Convert image in list of coordinates in Julia

Question

I have this short code img_lab = rand(Lab, 10, 10) where I just have created an image of random colored pixels. Probably this question is trivial but how do I convert the output of this (which is Matrix{Lab{Float64}} (alias for Array{Lab{Float64}, 2}) to an organized list of coordinates.
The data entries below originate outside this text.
text \<open>For admissible couplings p, q the pointwise bound x^2 \<le> d^2 - (d^2 - \<Delta>^2) [x \<le> \<Delta>]
  for 0 \<le> x \<le> d gives d(p,q)^2 \<le> d^2 - (d^2 - \<Delta>^2) P, where P is the probability that the
  deviation |u.v - u0.v0| is at most \<Delta>. By the law of total probability P is the
  p0 \<times> q0 average of the conditional probabilities occurring in \<phi>, so by Jensen P is at
  least the exponential of the average of their logarithms. The constraint \<phi> \<ge> 0 together
  with H(p) - H(p0) \<le> H(p|p0) bounds that average below by -(H(p|p0) + \<alpha> H(q|q0)) / \<epsilon>.
  For \<epsilon> = 0 the exponential factor vanishes as soon as d > 0, since then A has two points
  and H(p|p0) \<ge> ln 2. The supremum is over a nonempty set because the diagonal couplings
  have \<phi> = 0.\<close>

lemma expectation_sq_le_of_bounded:
  fixes M :: "'a pmf" and f :: "'a \<Rightarrow> real"
  assumes "\<And>x. x \<in> set_pmf M \<Longrightarrow> 0 \<le> f x \<and> f x \<le> D"
  shows "measure_pmf.expectation M (\<lambda>x. (f x)\<^sup>2) \<le> D\<^sup>2 - (D\<^sup>2 - \<Delta>\<^sup>2) * measure_pmf.prob M {x. f x \<le> \<Delta>}"
proof -
  let ?I = "indicator {x. f x \<le> \<Delta>} :: 'a \<Rightarrow> real"
  have bounded: "AE x in M. norm ((f x)\<^sup>2) \<le> D\<^sup>2"
    using assms by (auto simp: AE_measure_pmf_iff intro: power_mono)
  have integrable_bound: "integrable M (\<lambda>x. D\<^sup>2 - (D\<^sup>2 - \<Delta>\<^sup>2) * ?I x)"
    by (intro Bochner_Integration.integrable_diff integrable_mult_right integrable_real_indicator)
       (auto simp: measure_pmf.emeasure_eq_measure)
  have "measure_pmf.expectation M (\<lambda>x. (f x)\<^sup>2) \<le> measure_pmf.expectation M (\<lambda>x. D\<^sup>2 - (D\<^sup>2 - \<Delta>\<^sup>2) * ?I x)"
    using assms
    by (intro integral_mono_AE measure_pmf.integrable_const_bound[OF bounded] integrable_bound)
       (auto simp: AE_measure_pmf_iff indicator_def intro: power_mono)
  also have "\<dots> = D\<^sup>2 - (D\<^sup>2 - \<Delta>\<^sup>2) * measure_pmf.prob M {x. f x \<le> \<Delta>}"
    by (subst Bochner_Integration.integral_diff)
       (auto simp: measure_pmf.emeasure_eq_measure measure_pmf.prob_space)
  finally show ?thesis .
qed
For example [[0,0,0.44,0.33,0.45],[0,1, ...] , ... , [10,10,0.54,0.32,0.87]] where the first two entries are the coordinates and the last three values for RGB.

Answer 1

First, please make sure that you have good reasons to do this. Converting to such a format makes it harder to use the rest of Colors functionality, could have a (potentially large) performance cost, and is usually unnecessary.
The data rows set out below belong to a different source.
(* For $i=0,1$ let $\mathcal L_i$ be a cabled linkage in $\mathbb R^n$ which is (strongly) functional for $f_i\colon(\mathbb R^n)^{k_i}\to(\mathbb R^n)^{m_i}$ with restricted domain $U_i$. Let $\mathcal L$ be the disjoint union of $\mathcal L_0$ and $\mathcal L_1$ (with input and output vertices those of $\mathcal L_0$ followed by those of $\mathcal L_1$). Then: (1) $\mathcal L$ is (strongly) functional for $f_0\times f_1\colon(\mathbb R^n)^{k_0}\times(\mathbb R^n)^{k_1}\to(\mathbb R^n)^{m_0}\times(\mathbb R^n)^{m_1}$ with restricted domain $U_0\times U_1$; (2) if $k_0=k_1$, and $\mathcal L'$ is obtained from $\mathcal L$ by identifying the $j$-th input vertex of $\mathcal L_0$ with the $j$-th input vertex of $\mathcal L_1$ for each $j$, then $\mathcal L'$ is (strongly) functional for $(f_0,f_1)\colon(\mathbb R^n)^{k_0}\to(\mathbb R^n)^{m_0}\times(\mathbb R^n)^{m_1}$ with restricted domain $U_0\cap U_1$.
   Context: A cabled linkage in $\mathbb R^n$ is $\mathcal L=(L,\ell,V,\mu,F)$: $L$ a finite one-dimensional simplicial complex (vertex set $\mathcal V(L)$, edge set $\mathcal E(L)$), $\ell\colon\mathcal E(L)\to(0,\infty)$, $V\subset\mathcal V(L)$ fixed vertices, $\mu\colon V\to\mathbb R^n$, $F\subset\mathcal E(L)$ flexible edges. $\mathcal C(\mathcal L)=\{\varphi\colon\mathcal V(L)\to\mathbb R^n\mid\varphi(v)=\mu(v)\ (v\in V),\ |\varphi(v)-\varphi(w)|\le\ell(vw)\ (vw\in F),\ |\varphi(v)-\varphi(w)|=\ell(vw)\ (vw\in\mathcal E(L)\setminus F)\}$. $\mathcal L$ is quasifunctional for $f\colon(\mathbb R^n)^k\to(\mathbb R^n)^m$ if there are vertices $w_1,\dots,w_k$ (input) and $v_1,\dots,v_m$ (output), repetitions allowed, with input map $q(\varphi)=(\varphi(w_1),\dots,\varphi(w_k))$, output map $p(\varphi)=(\varphi(v_1),\dots,\varphi(v_m))$ and $p=f\circ q$; its domain is $q(\mathcal C(\mathcal L))$. It is functional with restricted domain $U\subset q(\mathcal C(\mathcal L))$ if there are a finite set $E$ and an analytic isomorphism $\sigma\colon U\times E\to q^{-1}(U)$ with $q(\sigma(u,c))=u$; strongly functional if $q\colon\mathcal C(\mathcal L)\to q(\mathcal C(\mathcal L))$ is an analytic isomorphism, and strongly functional with restricted domain $U$ if also $U\subset q(\mathcal C(\mathcal L))$. An analytic isomorphism is a homeomorphism $h$ with $h,h^{-1}$ restrictions of analytic maps. *)

theory Defs
  imports "HOL-Analysis.Analysis"
begin

text \<open>A map G between Euclidean spaces is real analytic on W if around every point
  x0 of W it is given by an (unconditionally, hence absolutely) convergent
  multivariate power series in the coordinates of x - x0.\<close>
definition real_analytic_on :: "('a::euclidean_space \<Rightarrow> 'b::euclidean_space) \<Rightarrow> 'a set \<Rightarrow> bool" where
  "real_analytic_on G W \<longleftrightarrow>
     (\<forall>x0\<in>W. \<exists>r>0. ball x0 r \<subseteq> W \<and> (\<exists>c :: ('a \<Rightarrow> nat) \<Rightarrow> 'b. \<forall>x\<in>ball x0 r.
        ((\<lambda>\<alpha>. (\<Prod>b\<in>Basis. ((x - x0) \<bullet> b) ^ \<alpha> b) *\<^sub>R c \<alpha>) has_sum G x)
          {\<alpha>. \<forall>b. b \<notin> Basis \<longrightarrow> \<alpha> b = 0}))"

definition analytic_map_on :: "('a::euclidean_space \<Rightarrow> 'b::euclidean_space) \<Rightarrow> 'a set \<Rightarrow> bool" where
  "analytic_map_on h S \<longleftrightarrow>
     (\<forall>x\<in>S. \<exists>W G. open W \<and> x \<in> W \<and> real_analytic_on G W \<and> (\<forall>y\<in>S \<inter> W. G y = h y))"

definition analytic_iso :: "'a::euclidean_space set \<Rightarrow> 'b::euclidean_space set \<Rightarrow> ('a \<Rightarrow> 'b) \<Rightarrow> bool" where
  "analytic_iso S T h \<longleftrightarrow>
     (\<exists>g. homeomorphism S T h g \<and> analytic_map_on h S \<and> analytic_map_on g T)"

text \<open>Vertices are a subset of a finite type 'a; edges are indexed by a set of labels
  of type 'e, each with its ordered pair of endpoints; pins = graph of \<mu> on the
  set V of fixed vertices.\<close>
record ('a, 'e, 'p) linkage =
  verts :: "'a set"
  edges :: "'e set"
  ends  :: "'e \<Rightarrow> 'a \<times> 'a"
  len   :: "'e \<Rightarrow> real"
  flex  :: "'e set"
  pins  :: "('a \<times> 'p) set"

definition cabled_linkage :: "('a, 'e, 'p) linkage \<Rightarrow> bool" where
  "cabled_linkage L \<longleftrightarrow>
     finite (verts L) \<and> finite (edges L) \<and>
     (\<forall>e\<in>edges L. fst (ends L e) \<in> verts L \<and> snd (ends L e) \<in> verts L \<and>
                  fst (ends L e) \<noteq> snd (ends L e) \<and> len L e > 0) \<and>
     (\<forall>e\<in>edges L. \<forall>e'\<in>edges L.
        {fst (ends L e), snd (ends L e)} = {fst (ends L e'), snd (ends L e')} \<longrightarrow> e = e') \<and>
     flex L \<subseteq> edges L \<and> fst ` pins L \<subseteq> verts L \<and>
     (\<forall>v x y. (v, x) \<in> pins L \<longrightarrow> (v, y) \<in> pins L \<longrightarrow> x = y)"

text \<open>Configuration space; a configuration is a map from the vertex set to R^n,
  encoded as a vector indexed by the finite vertex type, equal to 0 off the vertex set.\<close>
definition conf :: "('a::finite, 'e, real^'n) linkage \<Rightarrow> ((real^'n)^'a) set" where
  "conf L = {\<phi>. (\<forall>v. v \<notin> verts L \<longrightarrow> \<phi> $ v = 0) \<and>
                (\<forall>(v, x)\<in>pins L. \<phi> $ v = x) \<and>
                (\<forall>e\<in>flex L. dist (\<phi> $ fst (ends L e)) (\<phi> $ snd (ends L e)) \<le> len L e) \<and>
                (\<forall>e\<in>edges L - flex L. dist (\<phi> $ fst (ends L e)) (\<phi> $ snd (ends L e)) = len L e)}"

definition evmap :: "('k \<Rightarrow> 'a) \<Rightarrow> (real^'n)^'a \<Rightarrow> (real^'n)^'k" where
  "evmap ws \<phi> = (\<chi> j. \<phi> $ ws j)"

definition quasifunctional ::
  "('a::finite, 'e, real^'n) linkage \<Rightarrow> ('k::finite \<Rightarrow> 'a) \<Rightarrow> ('m::finite \<Rightarrow> 'a)
     \<Rightarrow> ((real^'n)^'k \<Rightarrow> (real^'n)^'m) \<Rightarrow> bool" where
  "quasifunctional L ws vs f \<longleftrightarrow>
     range ws \<subseteq> verts L \<and> range vs \<subseteq> verts L \<and>
     (\<forall>\<phi>\<in>conf L. evmap vs \<phi> = f (evmap ws \<phi>))"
Now, assuming it's necessary, here's one way to do it:

julia> using Random; Random.seed!(42)
TaskLocalRNG()

julia> img_lab = rand(Lab, 10, 10)
10×10 Matrix{Lab{Float64}}:
 Lab(17.3575, -26.8628, -55.5385)  Lab(9.1585, 86.3359, 71.5105)     …  Lab(14.4465, 87.7468, 12.1242)
 Lab(16.6439, 11.0078, -10.1264)   Lab(54.2929, -24.2044, -55.6044)     Lab(5.5968, 79.2197, -6.69094)
 Lab(39.0663, 61.8604, 90.5844)    Lab(50.2836, -78.3482, -26.4757)     Lab(6.6672, 21.7418, -100.172)
.
.
.

julia> map(keys(img_lab)) do cindex 
         rgbval = RGB(img_lab[cindex])
         [cindex[1], cindex[2], red(rgbval), green(rgbval), blue(rgbval)]
       end
10×10 Matrix{Vector{Float64}}:
 [1.0, 1.0, 0.0, 0.223779, 0.488699]        [1.0, 2.0, 0.468242, 0.0, 0.0]       …  [1.0, 10.0, 0.513226, 0.0, 0.101153]
 [2.0, 1.0, 0.196137, 0.141577, 0.218233]   [2.0, 2.0, 0.0, 0.573977, 0.885473]     [2.0, 10.0, 0.366805, 0.0, 0.118275]
 [3.0, 1.0, 0.737804, 0.0333098, 0.0]       [3.0, 2.0, 0.0, 0.583897, 0.639801]     [3.0, 10.0, 0.0, 0.136071, 0.65593]
 [4.0, 1.0, 0.117582, 0.0803492, 0.209829]  [4.0, 2.0, 0.833069, 0.433512, 1.0]     [4.0, 10.0, 0.818553, 0.673722, 0.202751]
 [5.0, 1.0, 0.0, 0.267613, 0.416236]        [5.0, 2.0, 0.0, 1.0, 1.0]               [5.0, 10.0, 0.26368, 0.0, 0.0]
 [6.0, 1.0, 0.0, 0.703393, 0.0]             [6.0, 2.0, 0.89057, 0.980158, 1.0]   …  [6.0, 10.0, 0.491448, 0.47962, 0.891735]
 [7.0, 1.0, 0.0, 1.0, 0.819822]             [7.0, 2.0, 1.0, 0.773939, 1.0]          [7.0, 10.0, 0.0, 1.0, 1.0]
 [8.0, 1.0, 1.0, 0.707005, 0.402694]        [8.0, 2.0, 0.0, 0.820631, 1.0]          [8.0, 10.0, 0.0, 0.3219, 0.91962]
 [9.0, 1.0, 1.0, 0.830982, 0.928663]        [9.0, 2.0, 0.0, 0.279664, 0.0]          [9.0, 10.0, 0.937227, 0.650945, 0.442197]
 [10.0, 1.0, 0.291409, 0.0, 0.28529]        [10.0, 2.0, 1.0, 0.682411, 1.0]         [10.0, 10.0, 0.0, 0.475448, 0.941526]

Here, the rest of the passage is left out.